Мистер Эмберли спокойным голосом вмешался:
– Вы служили у мистера Джеффри Фэншейва, верно?
Дворецкий взглянул на него:
– Да, сэр.
– Итон-сквер, так ведь?
Дворецкий сглотнул слюну:
– Да, сэр.
– Тогда зачем делать из этого тайну? Номер пятьсот сорок семь, сержант.
– Вы знали этого джентльмена, сэр?
– Немного. Он член моего клуба.
– Это правда, что он уехал за границу?
– Думаю, да. Я могу узнать.
Сержант обратился к Фонтейну:
– Как я понимаю, вы получили рекомендательное письмо, сэр?
– Да, конечно. Но его отдал мне лично Бейкер. У меня не было возможности написать прямо мистеру Фэншейву, потому что он уехал, или говорили, что уехал в Нью-Йорк. Письмо было написано на бланке клуба.

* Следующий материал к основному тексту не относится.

(* Let $a\ge b\ge1$ be integers with either $b\ge2$, or $b=1$ and $a\ge5$, and $A=\begin{pmatrix}2&-a\\-b&2\end{pmatrix}$. Then every $\pi$-system $\Sigma\subseteq\Delta_{\mathrm{re}}$ of $\mathfrak g(A)$ with $|\Sigma|>1$ is either of the form $\{\beta_1^j,\beta_2^k\}$ or $\{-\beta_1^j,-\beta_2^k\}$ where $\{\beta_1^j,\beta_2^k\}$ is a $\pi$-system (for $b=1$, $a\ge5$ this means $(j,k)\ne(1,0)$), or of the form $\Sigma=\{\beta_i^j,-\beta_i^k\}$ for some $j,k\in\mathbb Z_+$ and $i\in\{1,2\}$. In particular $|\Sigma|\le2$, and $\Sigma$ is linearly independent unless $\Sigma=\{\alpha,-\alpha\}$ for some $\alpha\in\Delta^+_{\mathrm{re}}$. Conversely, if $b\ge2$, then $\{\beta_i^j,-\beta_i^k\}$ is a $\pi$-system for all $j,k\in\mathbb Z_+$ and $i=1,2$; if $b=1$ and $a\ge5$, then $\{\beta_i^j,-\beta_i^k\}$ is a $\pi$-system if and only if $\{j,k\}\ne\{s,s+2\}$ for every $s\in\mathbb Z_+$ with $s\equiv i\pmod 2$.
   Context: Let $\mathfrak g(A)$ be the Kac–Moody algebra with simple roots $\alpha_1,\alpha_2$, root system $\Delta$, real roots $\Delta_{\mathrm{re}}$, positive real roots $\Delta^+_{\mathrm{re}}$. $\mathbb Z_+=\{0,1,2,\dots\}$. Define $c_0=d_0=0$, $c_1=d_1=1$, $c_{k+2}+c_k=a d_{k+1}$, $d_{k+2}+d_k=b c_{k+1}$, and $\beta_1^j=c_j\alpha_1+d_{j+1}\alpha_2$, $\beta_2^j=c_{j+1}\alpha_1+d_j\alpha_2$ ($j\in\mathbb Z_+$); then $\Delta^+_{\mathrm{re}}=\{\beta_1^j,\beta_2^j\}$. A subset $\Sigma\subseteq\Delta_{\mathrm{re}}$ is a $\pi$-system if $\alpha-\beta\notin\Delta$ for all $\alpha,\beta\in\Sigma$. *)

theory Defs
  imports "HOL-Analysis.Analysis"
begin

text \<open>Rank-2 Kac-Moody algebra with Cartan matrix A = [[2,-a],[-b,2]].
  An element x*alpha1 + y*alpha2 of the root lattice Q is the pair (x,y) :: int * int.\<close>

definition rneg :: "int \<times> int \<Rightarrow> int \<times> int" where
  "rneg v = (- fst v, - snd v)"

definition rsub :: "int \<times> int \<Rightarrow> int \<times> int \<Rightarrow> int \<times> int" where
  "rsub v w = (fst v - fst w, snd v - snd w)"

text \<open>Pairings with the simple coroots: a_ij = <alpha_j, alpha_i^vee>.\<close>
definition cop1 :: "int \<Rightarrow> int \<Rightarrow> int \<times> int \<Rightarrow> int" where
  "cop1 a b v = 2 * fst v - a * snd v"

definition cop2 :: "int \<Rightarrow> int \<Rightarrow> int \<times> int \<Rightarrow> int" where
  "cop2 a b v = - b * fst v + 2 * snd v"

definition refl1 :: "int \<Rightarrow> int \<Rightarrow> int \<times> int \<Rightarrow> int \<times> int" where
  "refl1 a b v = (fst v - cop1 a b v, snd v)"

definition refl2 :: "int \<Rightarrow> int \<Rightarrow> int \<times> int \<Rightarrow> int \<times> int" where
  "refl2 a b v = (fst v, snd v - cop2 a b v)"

inductive_set Worbit :: "int \<Rightarrow> int \<Rightarrow> (int \<times> int) set \<Rightarrow> (int \<times> int) set"
  for a b :: int and S :: "(int \<times> int) set" where
  base: "v \<in> S \<Longrightarrow> v \<in> Worbit a b S"
| step1: "v \<in> Worbit a b S \<Longrightarrow> refl1 a b v \<in> Worbit a b S"
| step2: "v \<in> Worbit a b S \<Longrightarrow> refl2 a b v \<in> Worbit a b S"

definition real_roots :: "int \<Rightarrow> int \<Rightarrow> (int \<times> int) set" where
  "real_roots a b = Worbit a b {(1,0), (0,1)}"

definition positive_real_roots :: "int \<Rightarrow> int \<Rightarrow> (int \<times> int) set" where
  "positive_real_roots a b = {v \<in> real_roots a b. fst v \<ge> 0 \<and> snd v \<ge> 0}"
text \<open>
  A partition-preserving automorphism \<sigma> permutes the letters by some \<tau>. The only edges between
  different parts are the spokes ea, eb, ef, fc, fd, which join vertices with the same index and
  form a spanning tree of each H_i; hence \<sigma>(i, t) = (\<pi> i, \<tau> t). The cycle i ~ i + 1 on A is
  mapped onto the cycle of the part \<tau>(A), whose step k lies in {1, 4, 2, 8}, so consecutive values
  of \<pi> differ by \<plusminus>k, and injectivity of \<pi> forces the sign to be constant: \<pi> i = \<plusminus>k i + c.
  Multiplication by \<plusminus>k permutes the steps \<plusminus>1, \<plusminus>4, \<plusminus>2, \<plusminus>8 of the cycles on A, B, C, D,
  which determines \<tau> on these letters, and the spokes then determine \<tau> on E and F. Conversely
  every such map is an automorphism, and since the eight multipliers \<plusminus>k are distinct modulo 17,
  the sign and k are determined by \<pi>.
\<close>

lemma bit1_induct_plus_one:
  fixes x :: "'a::finite bit1"
  assumes "P 0" and "\<And>i. P i \<Longrightarrow> P (i + 1)"
  shows "P x"
proof (induct x)
  case (of_int z)
  from \<open>0 \<le> z\<close> show ?case
  proof (induct z rule: int_ge_induct)
    case base
    show ?case using assms(1) by simp
  next
    case (step i)
    then show ?case using assms(2)[of "of_int i"] by simp
  qed
qed

lemma two_neq_zero_bit1: "(2::'a::finite bit1) \<noteq> 0"
proof -
  have "0 < CARD('a)" by simp
  then have "2 < 1 + 2 * int CARD('a)" by linarith
  then show ?thesis by simp
qed

lemma inj_pm_steps_imp_affine:
  fixes \<pi> :: "'a::finite bit1 \<Rightarrow> 'a bit1"
  assumes inj: "inj \<pi>" and steps: "\<And>i. \<pi> (i + 1) - \<pi> i \<in> {s, - s}"
  shows "\<exists>e \<in> {1, -1}. \<exists>c. \<forall>i. \<pi> i = e * s * i + c"
proof -
  define d where "d i = \<pi> (i + 1) - \<pi> i" for i
  have d_pm: "d i \<in> {s, - s}" for i
    unfolding d_def by (rule steps)
  have d_succ: "d (i + 1) = d i" for i
  proof (rule ccontr)
    \<comment> \<open>a change of sign between consecutive steps would give \<pi> (i + 2) = \<pi> i\<close>
    assume "d (i + 1) \<noteq> d i"
    with d_pm[of "i + 1"] d_pm[of i] have "d (i + 1) = - d i" by (elim insertE) auto
    then have "\<pi> (i + 1 + 1) - \<pi> (i + 1) = \<pi> i - \<pi> (i + 1)"
      unfolding d_def by simp
    then have "\<pi> (i + 1 + 1) = \<pi> i" by simp
    then have "i + 1 + 1 = i" by (rule injD[OF inj])
    then show False using two_neq_zero_bit1[where 'a = 'a] by (simp add: add.assoc)
  qed
  have d_const: "d i = d 0" for i
    by (induct i rule: bit1_induct_plus_one) (simp_all add: d_succ)
  define c where "c = \<pi> 0"
  have affine: "\<pi> i = d 0 * i + c" for i
  proof (induct i rule: bit1_induct_plus_one)
    case (2 i)
    have "\<pi> (i + 1) = d 0 + \<pi> i" using d_const[of i] unfolding d_def by (simp add: algebra_simps)
    with 2 show ?case by (simp add: algebra_simps)
  qed (simp add: c_def)
  from d_pm[of 0] have "\<exists>e \<in> {1, -1}. \<forall>i. \<pi> i = e * s * i + c"
  proof (elim insertE)
    assume "d 0 = s"
    with affine show ?thesis by (intro bexI[of _ 1]) auto
  next
    assume "d 0 = - s"
    with affine show ?thesis by (intro bexI[of _ "-1"]) auto
  qed simp
  then show ?thesis by blast
qed
(* Let $\mathsf{V}$ be the subvariety of $V(\mathsf{BCA})$ axiomatised, relative to $V(\mathsf{BCA})$, by $J_2\neg x\approx\neg J_2x$. Then every $\mathbf{A}\in\mathsf{V}$ embeds into a direct product $\mathbf{B}\times\mathbf{C}$ for some $\mathbf{B}\in\mathsf{BA}$ and some $\mathbf{C}\in\mathsf{SL}$.
   Context: $\mathbf{WK}^e$ is the three-element algebra on $\{0,\tfrac12,1\}$ of type $\langle\wedge,\vee,\neg,J_2,0,1\rangle$. Its operations are: - $\neg$ swaps $0,1$ and fixes $\tfrac12$; - $\wedge,\vee$ are Boolean on $\{0,1\}$ and return $\tfrac12$ if some argument is $\tfrac12$; - $J_2(1)=1$ and $J_2(\tfrac12)=J_2(0)=0$. $\mathsf{BCA}=ISP(\mathbf{WK}^e)$ and $V(\mathsf{BCA})=HSP(\mathbf{WK}^e)$. $\mathsf{BA}$ is the subvariety of $V(\mathsf{BCA})$ axiomatised relative to it by $J_2x\approx x$. $\mathsf{SL}$ is the subvariety axiomatised relative to it by $J_2x\approx1$. *)

theory Defs
  imports Main
begin

record 'a alg =
  carrier :: "'a set"
  meet :: "'a \<Rightarrow> 'a \<Rightarrow> 'a"
  join :: "'a \<Rightarrow> 'a \<Rightarrow> 'a"
  neg :: "'a \<Rightarrow> 'a"
  jtwo :: "'a \<Rightarrow> 'a"
  zero :: 'a
  one :: 'a

definition is_alg :: "'a alg \<Rightarrow> bool" where
  "is_alg A \<longleftrightarrow>
     (\<forall>x\<in>carrier A. \<forall>y\<in>carrier A. meet A x y \<in> carrier A \<and> join A x y \<in> carrier A) \<and>
     (\<forall>x\<in>carrier A. neg A x \<in> carrier A \<and> jtwo A x \<in> carrier A) \<and>
     zero A \<in> carrier A \<and> one A \<in> carrier A"

datatype trm = Var nat | Meet trm trm | Join trm trm | Neg trm | J2 trm | Zero | One

primrec eval :: "'a alg \<Rightarrow> (nat \<Rightarrow> 'a) \<Rightarrow> trm \<Rightarrow> 'a" where
  "eval A \<rho> (Var n) = \<rho> n"
| "eval A \<rho> (Meet s t) = meet A (eval A \<rho> s) (eval A \<rho> t)"
| "eval A \<rho> (Join s t) = join A (eval A \<rho> s) (eval A \<rho> t)"
| "eval A \<rho> (Neg s) = neg A (eval A \<rho> s)"
| "eval A \<rho> (J2 s) = jtwo A (eval A \<rho> s)"
| "eval A \<rho> Zero = zero A"
| "eval A \<rho> One = one A"

definition sat :: "'a alg \<Rightarrow> trm \<Rightarrow> trm \<Rightarrow> bool" where
  "sat A s t \<longleftrightarrow> (\<forall>\<rho>. (\<forall>n. \<rho> n \<in> carrier A) \<longrightarrow> eval A \<rho> s = eval A \<rho> t)"

datatype wk = W0 | Wh | W1

fun wk_neg :: "wk \<Rightarrow> wk" where
  "wk_neg W0 = W1" | "wk_neg Wh = Wh" | "wk_neg W1 = W0"

fun wk_meet :: "wk \<Rightarrow> wk \<Rightarrow> wk" where
  "wk_meet Wh _ = Wh" | "wk_meet _ Wh = Wh"
| "wk_meet W1 W1 = W1" | "wk_meet _ _ = W0"

fun wk_join :: "wk \<Rightarrow> wk \<Rightarrow> wk" where
  "wk_join Wh _ = Wh" | "wk_join _ Wh = Wh"
| "wk_join W0 W0 = W0" | "wk_join _ _ = W1"

fun wk_J2 :: "wk \<Rightarrow> wk" where
  "wk_J2 W1 = W1" | "wk_J2 _ = W0"

definition WKe :: "wk alg" where
  "WKe = \<lparr>carrier = UNIV, meet = wk_meet, join = wk_join, neg = wk_neg,
          jtwo = wk_J2, zero = W0, one = W1\<rparr>"

text \<open>V(BCA) = HSP(WK^e), presented (Birkhoff) as the class of algebras
  satisfying every identity valid in WK^e.\<close>
definition VBCA :: "'a alg \<Rightarrow> bool" where
  "VBCA A \<longleftrightarrow> is_alg A \<and> (\<forall>s t. sat WKe s t \<longrightarrow> sat A s t)"

definition BA :: "'a alg \<Rightarrow> bool" where
  "BA A \<longleftrightarrow> VBCA A \<and> sat A (J2 (Var 0)) (Var 0)"

definition SL :: "'a alg \<Rightarrow> bool" where
  "SL A \<longleftrightarrow> VBCA A \<and> sat A (J2 (Var 0)) One"

definition Vnegfix :: "'a alg \<Rightarrow> bool" where
  "Vnegfix A \<longleftrightarrow> VBCA A \<and> sat A (J2 (Neg (Var 0))) (Neg (J2 (Var 0)))"

definition prod_alg :: "'b alg \<Rightarrow> 'c alg \<Rightarrow> ('b \<times> 'c) alg" where
  "prod_alg B C = \<lparr>carrier = carrier B \<times> carrier C,
     meet = (\<lambda>(b,c) (b',c'). (meet B b b', meet C c c')),
     join = (\<lambda>(b,c) (b',c'). (join B b b', join C c c')),
     neg = (\<lambda>(b,c). (neg B b, neg C c)),
     jtwo = (\<lambda>(b,c). (jtwo B b, jtwo C c)),
     zero = (zero B, zero C), one = (one B, one C)\<rparr>"

definition hom :: "'a alg \<Rightarrow> 'b alg \<Rightarrow> ('a \<Rightarrow> 'b) \<Rightarrow> bool" where
  "hom A B f \<longleftrightarrow> f ` carrier A \<subseteq> carrier B \<and>
     (\<forall>x\<in>carrier A. \<forall>y\<in>carrier A.
        f (meet A x y) = meet B (f x) (f y) \<and> f (join A x y) = join B (f x) (f y)) \<and>
     (\<forall>x\<in>carrier A. f (neg A x) = neg B (f x) \<and> f (jtwo A x) = jtwo B (f x)) \<and>
     f (zero A) = zero B \<and> f (one A) = one B"

definition embedding :: "'a alg \<Rightarrow> 'b alg \<Rightarrow> ('a \<Rightarrow> 'b) \<Rightarrow> bool" where
  "embedding A B f \<longleftrightarrow> hom A B f \<and> inj_on f (carrier A)"

end

theory Submission
  imports Defs
begin

text \<open>In V(BCA) the map J2 preserves meets and the constants; once it commutes with
  negation it also preserves joins, because WK^e satisfies
  J2 (x \<or> y) = (J2 x \<or> J2 y) \<and> (J2 x \<or> J2 (neg x)) \<and> (J2 y \<or> J2 (neg y)).
  Its image is then a Boolean algebra. The map x \<mapsto> x \<and> 0 is a homomorphism onto
  an algebra in which J2 is constantly 0, which is also its top. Since
  x = J2 x \<or> (x \<and> 0) holds in WK^e, the pair of maps is injective.\<close>

lemma eval_closed:
  assumes "is_alg A" "\<forall>n. \<rho> n \<in> carrier A"
  shows "eval A \<rho> t \<in> carrier A"
  using assms by (induction t) (auto simp: is_alg_def)

lemma hom_eval:
  assumes "hom A B f" "is_alg A" "\<forall>n. \<rho> n \<in> carrier A"
  shows "f (eval A \<rho> t) = eval B (f \<circ> \<rho>) t"
  using assms by (induction t) (auto simp: hom_def eval_closed)

lemma sat_hom_image:
  assumes f: "hom A B f" "f ` carrier A = carrier B" and A: "is_alg A" "sat A s t"
  shows "sat B s t"
  unfolding sat_def
proof (intro allI impI)
  fix \<rho> :: "nat \<Rightarrow> 'b" assume \<rho>: "\<forall>n. \<rho> n \<in> carrier B"
  define \<sigma> where "\<sigma> n = inv_into (carrier A) f (\<rho> n)" for n
  have \<sigma>: "\<forall>n. \<sigma> n \<in> carrier A"
    using \<rho> f(2) by (auto simp: \<sigma>_def inv_into_into)
  have "f \<circ> \<sigma> = \<rho>"
    using \<rho> f(2) by (auto simp: \<sigma>_def f_inv_into_f)
  moreover have "eval A \<sigma> s = eval A \<sigma> t"
    using A(2) \<sigma> by (simp add: sat_def)
  ultimately show "eval B \<rho> s = eval B \<rho> t"
    using hom_eval[OF f(1) A(1) \<sigma>] by metis
qed

lemma is_alg_hom_image:
  assumes f: "hom A B f" "f ` carrier A = carrier B" and A: "is_alg A"
  shows "is_alg B"
proof -
  have "f a \<in> carrier B" if "a \<in> carrier A" for a
    using that f(2) by blast
  then show ?thesis
    using f A unfolding hom_def is_alg_def
    by (smt (verit) imageE)
qed

lemma VBCA_hom_image:
  assumes "hom A B f" "f ` carrier A = carrier B" "VBCA A"
  shows "VBCA B"
  using assms(3) is_alg_hom_image[OF assms(1,2)] sat_hom_image[OF assms(1,2)]
  unfolding VBCA_def by simp

lemma hom_prod_alg:
  assumes "hom A B f" "hom A C g"
  shows "hom A (prod_alg B C) (\<lambda>x. (f x, g x))"
  using assms unfolding hom_def prod_alg_def by auto

lemma VBCA_identity_at:
  assumes "VBCA A" "sat WKe s t" "x \<in> carrier A" "y \<in> carrier A"
  shows "eval A (\<lambda>n. if n = 0 then x else y) s = eval A (\<lambda>n. if n = 0 then x else y) t"
  using assms unfolding VBCA_def sat_def by simp

lemma
  shows WKe_J2_meet: "sat WKe (J2 (Meet (Var 0) (Var 1))) (Meet (J2 (Var 0)) (J2 (Var 1)))"
    and WKe_J2_join: "sat WKe (J2 (Join (Var 0) (Var 1)))
      (Meet (Join (J2 (Var 0)) (J2 (Var 1)))
        (Meet (Join (J2 (Var 0)) (J2 (Neg (Var 0)))) (Join (J2 (Var 1)) (J2 (Neg (Var 1))))))"
    and WKe_J2_excluded_middle: "sat WKe
      (Meet (Join (J2 (Var 0)) (J2 (Var 1)))
        (Meet (Join (J2 (Var 0)) (Neg (J2 (Var 0)))) (Join (J2 (Var 1)) (Neg (J2 (Var 1))))))
      (Join (J2 (Var 0)) (J2 (Var 1)))"
    and WKe_J2_zero: "sat WKe (J2 Zero) Zero"
    and WKe_J2_one: "sat WKe (J2 One) One"
    and WKe_J2_idem: "sat WKe (J2 (J2 (Var 0))) (J2 (Var 0))"
    and WKe_meet_zero_meet: "sat WKe (Meet (Meet (Var 0) (Var 1)) Zero)
      (Meet (Meet (Var 0) Zero) (Meet (Var 1) Zero))"
    and WKe_meet_zero_join: "sat WKe (Meet (Join (Var 0) (Var 1)) Zero)
      (Meet (Meet (Var 0) Zero) (Meet (Var 1) Zero))"
    and WKe_meet_zero_neg: "sat WKe (Meet (Neg (Var 0)) Zero) (Meet (Var 0) Zero)"
    and WKe_meet_zero_J2: "sat WKe (Meet (J2 (Var 0)) Zero) Zero"
    and WKe_meet_zero_zero: "sat WKe (Meet Zero Zero) Zero"
    and WKe_meet_zero_one: "sat WKe (Meet One Zero) Zero"
    and WKe_J2_join_meet_zero: "sat WKe (Var 0) (Join (J2 (Var 0)) (Meet (Var 0) Zero))"
  unfolding sat_def
  by (intro allI impI; case_tac "\<rho> 0"; case_tac "\<rho> 1"; simp add: WKe_def)+

definition J2_image :: "'a alg \<Rightarrow> 'a alg" where
  "J2_image A = A\<lparr>carrier := jtwo A ` carrier A\<rparr>"

text \<open>The operations are those induced by x \<mapsto> x \<and> 0, which identifies join
  with meet and collapses negation, J2 and both constants.\<close>
definition meet_zero_image :: "'a alg \<Rightarrow> 'a alg" where
  "meet_zero_image A = \<lparr>carrier = (\<lambda>x. meet A x (zero A)) ` carrier A,
     meet = meet A, join = meet A, neg = id, jtwo = (\<lambda>_. zero A),
     zero = zero A, one = zero A\<rparr>"

lemma hom_J2_image:
  assumes A: "VBCA A" and J2_neg: "\<And>x. x \<in> carrier A \<Longrightarrow> jtwo A (neg A x) = neg A (jtwo A x)"
  shows "hom A (J2_image A) (jtwo A)"
  unfolding hom_def J2_image_def
proof (simp, intro conjI ballI)
  fix x y assume xy: "x \<in> carrier A" "y \<in> carrier A"
  show "jtwo A (meet A x y) = meet A (jtwo A x) (jtwo A y)"
    using VBCA_identity_at[OF A WKe_J2_meet xy] by simp
  have "neg A x \<in> carrier A" "neg A y \<in> carrier A"
    using A xy by (auto simp: VBCA_def is_alg_def)
  then show "jtwo A (join A x y) = join A (jtwo A x) (jtwo A y)"
    using VBCA_identity_at[OF A WKe_J2_join xy] VBCA_identity_at[OF A WKe_J2_excluded_middle xy]
      J2_neg xy by simp
next
  have "zero A \<in> carrier A" using A by (simp add: VBCA_def is_alg_def)
  then show "jtwo A (zero A) = zero A" "jtwo A (one A) = one A"
    using VBCA_identity_at[OF A WKe_J2_zero] VBCA_identity_at[OF A WKe_J2_one] by simp_all
qed (rule J2_neg)

lemma hom_meet_zero_image:
  assumes A: "VBCA A"
  shows "hom A (meet_zero_image A) (\<lambda>x. meet A x (zero A))"
  unfolding hom_def meet_zero_image_def
proof (simp, intro conjI ballI)
  fix x y assume xy: "x \<in> carrier A" "y \<in> carrier A"
  show "meet A (meet A x y) (zero A) = meet A (meet A x (zero A)) (meet A y (zero A))"
    using VBCA_identity_at[OF A WKe_meet_zero_meet xy] by simp
  show "meet A (join A x y) (zero A) = meet A (meet A x (zero A)) (meet A y (zero A))"
    using VBCA_identity_at[OF A WKe_meet_zero_join xy] by simp
next
  fix x assume "x \<in> carrier A"
  then show "meet A (neg A x) (zero A) = meet A x (zero A)"
    "meet A (jtwo A x) (zero A) = zero A"
    using VBCA_identity_at[OF A WKe_meet_zero_neg] VBCA_identity_at[OF A WKe_meet_zero_J2]
    by simp_all
next
  have "zero A \<in> carrier A" using A by (simp add: VBCA_def is_alg_def)
  then show "meet A (zero A) (zero A) = zero A" "meet A (one A) (zero A) = zero A"
    using VBCA_identity_at[OF A WKe_meet_zero_zero] VBCA_identity_at[OF A WKe_meet_zero_one]
    by simp_all
qed

lemma BA_J2_image:
  assumes A: "VBCA A" and J2_neg: "\<And>x. x \<in> carrier A \<Longrightarrow> jtwo A (neg A x) = neg A (jtwo A x)"
  shows "BA (J2_image A)"
  unfolding BA_def
proof
  show "VBCA (J2_image A)"
    using VBCA_hom_image[OF hom_J2_image[OF A J2_neg] _ A] by (simp add: J2_image_def)
  show "sat (J2_image A) (J2 (Var 0)) (Var 0)"
    unfolding sat_def
  proof (intro allI impI)
    fix \<rho> :: "nat \<Rightarrow> 'a" assume "\<forall>n. \<rho> n \<in> carrier (J2_image A)"
    then obtain x where "x \<in> carrier A" "\<rho> 0 = jtwo A x"
      by (auto simp: J2_image_def)
    then show "eval (J2_image A) \<rho> (J2 (Var 0)) = eval (J2_image A) \<rho> (Var 0)"
      using VBCA_identity_at[OF A WKe_J2_idem] by (simp add: J2_image_def)
  qed
qed

lemma SL_meet_zero_image:
  assumes "VBCA A"
  shows "SL (meet_zero_image A)"
  using VBCA_hom_image[OF hom_meet_zero_image[OF assms] _ assms]
  by (simp add: SL_def sat_def meet_zero_image_def)

lemma J2_join_meet_zero:
  assumes "VBCA A" "x \<in> carrier A"
  shows "join A (jtwo A x) (meet A x (zero A)) = x"
  using VBCA_identity_at[OF assms(1) WKe_J2_join_meet_zero assms(2,2)] by simp

lemma inj_on_J2_meet_zero:
  assumes "VBCA A"
  shows "inj_on (\<lambda>x. (jtwo A x, meet A x (zero A))) (carrier A)"
  by (rule inj_on_inverseI[where g = "\<lambda>(b, c). join A b c"])
    (simp add: J2_join_meet_zero[OF assms])

theorem theorem4p13:
  fixes A :: "'a alg"
  assumes "Vnegfix A"
  shows "\<exists>(B :: 'a alg) (C :: 'a alg) f.
           BA B \<and> SL C \<and> embedding A (prod_alg B C) f"
proof -
  have A: "VBCA A" and "sat A (J2 (Neg (Var 0))) (Neg (J2 (Var 0)))"
    using assms by (simp_all add: Vnegfix_def)
  then have J2_neg: "jtwo A (neg A x) = neg A (jtwo A x)" if "x \<in> carrier A" for x
    using that unfolding sat_def by (auto dest: spec[of _ "\<lambda>_. x"])
  have "embedding A (prod_alg (J2_image A) (meet_zero_image A))
      (\<lambda>x. (jtwo A x, meet A x (zero A)))"
    unfolding embedding_def
    using hom_prod_alg[OF hom_J2_image[OF A J2_neg] hom_meet_zero_image[OF A]]
      inj_on_J2_meet_zero[OF A] by blast
  then show ?thesis
    using BA_J2_image[OF A J2_neg] SL_meet_zero_image[OF A] by blast
qed

end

– Проверить через клуб, – сказал сержант, старательно записывая в записную книжку. – Или это сделаете вы, сэр?
– Да, лучше я, – сказал Эмберли. – Но мне все же хотелось бы узнать одно. – Его пронзительный взгляд остановился на лице Бейкера. – Вы говорите, что услышали бы как ушел Коллинз, если бы в это время не были в столовой. Слышали ли вы, что еще кто-то на протяжении вечера уходил из дома?
Дворецкий, растягивая слова, сказал:
– Две горничные уходили, сэр. Из слуг больше никто.
– Вы уверены?
– Да, сэр.
– Вы были в комнате для прислуги?
– Нет, сэр. Большую часть вечера я был в буфетной. До этого я убирал посуду в столовой.
– Значит, вы бы знали, если бы кто-нибудь выходил из дома через парадную дверь?
– В этот вечер никто не открывал парадную дверь, сэр, – сказал Бейкер, прямо глядя ему в глаза.
Мистер Эмберли опять начал листать «Панч». Казалось, он утратил интерес к дальнейшему допросу дворецкого. Но когда Бейкер собрался уходить, он поднял глаза и спросил:
– Когда вы заглянули в комнату Коллинза, вам не показалось, что он с собой что-нибудь прихватил, словно покидал дом навсегда?
– Нет, сэр, – ответил Бейкер. – Мистер Фонтейн просил меня тщательно осмотреть комнату. Я взял на себя смелость и заглянул в шкаф и комод. Насколько я могу судить, ничего не было взято.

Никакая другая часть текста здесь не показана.